THE HUNTED

Published on 22 January 2026 at 11:38

The Hunted - Josh Herum | Runtime: 24 minutes | Genre: Drama/Thriller

Logline: John leaves everything behind to join a conspiracy theorist to establish an off-the-grid commune. When predictions don't come true, John's commitment to the cause wavers, leading to betrayal, paranoia, and finally a fatal confrontation.

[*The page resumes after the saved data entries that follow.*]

lemma integrable_exp_neg_abs_mult:
  assumes "0 < a"
  shows "integrable lborel (\<lambda>k::real. exp (- \<bar>k\<bar> * a))"
proof -
  define f where "f x = indicator {0<..} x *\<^sub>R exp (- (x * a))" for x :: real
  have "integrable lborel f"
    using integrable_I0i_exp_mscale[OF assms] unfolding set_integrable_def f_def .
  hence int: "integrable lborel (\<lambda>x. f x + f (0 + (-1) * x))"
    by (intro Bochner_Integration.integrable_add lborel_integrable_real_affine) auto
  have "AE x in lborel. norm (exp (- \<bar>x\<bar> * a)) \<le> norm (f x + f (0 + (-1) * x))"
    using AE_lborel_singleton[of 0] by eventually_elim (auto simp: f_def indicator_def)
  thus ?thesis
    by (rule Bochner_Integration.integrable_bound[OF int, rotated]) measurable
qed

definition I_k_kernel :: "real \<Rightarrow> real \<times> real \<Rightarrow> complex" where
  "I_k_kernel k p = cis (- (k * snd p)) * exp (- \<bar>k\<bar> * fst p)"

lemma I_k_kernel_measurable[measurable]: "I_k_kernel k \<in> borel_measurable borel"
  unfolding I_k_kernel_def by (intro borel_measurable_continuous_onI continuous_intros)

lemma norm_I_k_kernel_le_1: "0 \<le> fst p \<Longrightarrow> cmod (I_k_kernel k p) \<le> 1"
  by (simp add: I_k_kernel_def norm_mult flip: exp_of_real)

lemma norm_I_k_kernel_minus_1_le:
  assumes "0 \<le> fst p"
  shows "cmod (I_k_kernel k p - 1) \<le> \<bar>k\<bar> * (\<bar>fst p\<bar> + \<bar>snd p\<bar>)"
proof -
  define e where "e = exp (- \<bar>k\<bar> * fst p)"
  define c where "c = cis (- (k * snd p))"
  have e: "0 < e" "e \<le> 1" "1 - e \<le> \<bar>k\<bar> * fst p"
    using assms exp_ge_add_one_self[of "- \<bar>k\<bar> * fst p"] by (auto simp: e_def)
  have norm_e: "cmod (of_real (e - 1)) = 1 - e" using e by (simp only: norm_of_real)
  have "I_k_kernel k p - 1 = c * of_real (e - 1) + (c - 1)"
    by (simp add: I_k_kernel_def c_def e_def algebra_simps flip: exp_of_real)
  also have "cmod \<dots> \<le> (1 - e) + \<bar>k * snd p\<bar>"
    using norm_triangle_ineq[of "c * of_real (e - 1)" "c - 1"] norm_cis_minus_1_le[of "- (k * snd p)"] norm_e
    by (simp add: c_def norm_mult)
  also have "\<dots> \<le> \<bar>k\<bar> * (\<bar>fst p\<bar> + \<bar>snd p\<bar>)"
    using e assms by (simp add: abs_mult algebra_simps)
  finally show ?thesis .
qed

lemma supp_rho_zero: "p \<notin> supp_rho rho \<Longrightarrow> rho p = 0"
  using closure_subset[of "{p. rho p \<noteq> 0}"] unfolding supp_rho_def by auto

lemma fst_supp_rho_subset:
  assumes "compact (supp_rho rho)"
  shows "fst ` supp_rho rho \<subseteq> {d0 rho..d1 rho}"
proof -
  have "bounded (fst ` supp_rho rho)"
    using assms by (intro compact_imp_bounded compact_continuous_image continuous_intros)
  thus ?thesis unfolding d0_def d1_def
    by (auto intro!: cInf_lower cSup_upper bounded_imp_bdd_below bounded_imp_bdd_above simp: image_iff)
      (metis fst_conv)+
qed

lemma admissible_integrable:
  assumes "admissible a rho"
  shows "integrable lborel rho"
proof -
  define S where "S = supp_rho rho"
  obtain B where B: "AE p in lborel. \<bar>rho p\<bar> \<le> B" and [measurable]: "rho \<in> borel_measurable lborel"
    and "compact S" "emeasure lborel S < \<infinity>"
    using assms unfolding admissible_def S_def by blast
  hence int: "integrable lborel (\<lambda>p. max B 0 * indicator S p :: real)"
    by (intro integrable_mult_right) (simp add: integrable_indicator_iff compact_imp_closed)
  have "AE p in lborel. norm (rho p) \<le> norm (max B 0 * indicator S p :: real)"
    using B by eventually_elim (auto simp: S_def supp_rho_zero indicator_def)
  thus ?thesis by (rule Bochner_Integration.integrable_bound[OF int, rotated]) simp
qed

lemma integrable_rho_I_k_kernel:
  assumes "0 \<le> a" and "admissible a rho"
  shows "integrable lborel (\<lambda>p. rho p * I_k_kernel k p)"
proof (rule Bochner_Integration.integrable_bound)
  have [measurable]: "rho \<in> borel_measurable lborel" using assms(2) unfolding admissible_def by blast
  show "(\<lambda>p. rho p * I_k_kernel k p) \<in> borel_measurable lborel" by measurable
  have "cmod (rho p * I_k_kernel k p) \<le> norm (rho p)" for p
  proof (cases "p \<in> supp_rho rho")
    case True
    hence "0 \<le> fst p" using assms unfolding admissible_def by force
    thus ?thesis using norm_I_k_kernel_le_1 by (simp add: norm_mult mult_left_le)
  qed (simp add: supp_rho_zero)
  thus "AE p in lborel. cmod (rho p * I_k_kernel k p) \<le> norm (rho p)" by simp
qed (rule admissible_integrable[OF assms(2)])

lemma I_k_eq_integral:
  assumes "0 \<le> a" and "admissible a rho"
  shows "I_k rho k = (LINT p|lborel. rho p * I_k_kernel k p)"
proof -
  have fst_supp: "fst ` supp_rho rho \<subseteq> {d0 rho..d1 rho}"
    using assms(2) fst_supp_rho_subset unfolding admissible_def by blast
  have inner: "(LINT y|lborel. rho (s, y) * I_k_kernel k (s, y)) = rho_hat rho s k * exp (- \<bar>k\<bar> * s)" for s
    unfolding I_k_kernel_def rho_hat_def by (simp add: mult.assoc[symmetric] integral_mult_left_zero)
  have outside: "rho_hat rho s k = 0" if "s \<notin> {d0 rho..d1 rho}" for s
  proof -
    have "rho (s, y) = 0" for y using fst_supp that supp_rho_zero by force
    thus ?thesis unfolding rho_hat_def by simp
  qed
  have "(LINT p|lborel. rho p * I_k_kernel k p) = (LINT s|lborel. LINT y|lborel. rho (s, y) * I_k_kernel k (s, y))"
    using lborel_pair.integral_fst'[OF integrable_rho_I_k_kernel[OF assms, unfolded lborel_prod[symmetric]]]
    by (simp add: lborel_prod)
  also have "\<dots> = I_k rho k"
    unfolding inner I_k_def set_lebesgue_integral_def
    by (rule Bochner_Integration.integral_cong) (auto simp: indicator_def outside)
  finally show ?thesis ..
qed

"The Hunted" doesn’t rush to judge its characters, and that restraint is what gives it its quiet power. In just 24 minutes, Josh Herum manages to excavate a very specific modern anxiety — not the fear of apocalypse itself, but the fear of being left behind by a world that refuses to collapse on schedule. This is a short film less interested in catastrophe than in the psychology of waiting for one, and the slow corrosion that waiting can cause.

 

At its centre is John, a man who doesn’t feel extreme so much as exhausted. His decision to abandon everything and attach himself to an off-the-grid commune doesn’t play as reckless fantasy, but as a last, fragile attempt at clarity. The appeal of Gary — a charismatic conspiracy evangelist preaching the “True Way” — isn’t presented as villainous bravado. Instead, it’s the seduction of certainty. Gary offers answers, structure, and purpose in a world that feels increasingly shapeless, and The Hunted understands just how intoxicating that can be.

 

What the film captures with unnerving accuracy is the emotional limbo of belief. Not belief as fanaticism, but belief as investment. Once you’ve given up your old life, once you’ve tied your identity to an idea of impending collapse, what happens when nothing happens? Herum is acutely interested in that gap — the silence between predictions and reality — and how it breeds paranoia. The longer the world stubbornly carries on, the more belief has to mutate to survive. Doubt becomes a threat. Questions become betrayals. Certainty hardens into control.

 

The power dynamic between leader and follower is handled with real care. There’s no grand ideological showdown, no theatrical descent into madness. Instead, tension builds through glances, withheld information, and the subtle tightening of emotional space. The commune itself begins to feel less like a refuge and more like a psychological enclosure — not because of overt cruelty, but because fear has quietly rewritten the rules of trust. Survival, once framed as collective protection, starts to feel uncomfortably selective.

 

What’s most impressive is how character-driven the film remains throughout. The thriller elements are present, but never at the expense of interiority. This is a story about how isolation amplifies belief, how devotion can curdle when it’s no longer reinforced by reality, and how easily purpose can turn predatory when it’s built on unprovable futures. The film doesn’t mock the prepper mindset, nor does it romanticise it. It simply observes, listens, and lets the emotional consequences speak for themselves.

 

There’s a raw honesty to The Hunted that feels particularly timely. In an age where online personalities can construct entire worlds of belief through screens and slogans, the film understands how quickly ideology can become intimate. Gary’s influence isn’t abstract — it’s personal, daily, invasive. And John’s internal conflict isn’t about rejecting belief outright, but about recognising the cost of maintaining it when it no longer aligns with lived experience.

 

By the time the film reaches its conclusion, the title feels painfully apt. Not because of literal pursuit, but because everyone involved is chasing something — safety, meaning, validation — and slowly realising that what they’re hunting may never have existed in the first place. The Hunted lingers because it refuses easy answers. It asks uncomfortable questions about faith, authority, and the human need for certainty, and it does so with empathy rather than accusation.

 

It’s a short film that trusts its audience to sit with discomfort, to recognise fragments of our own fractured relationship with truth and belonging. And in doing so, it becomes something far more unsettling than a simple cautionary tale. It’s a quiet, unsettling mirror — and one that’s difficult to look away from.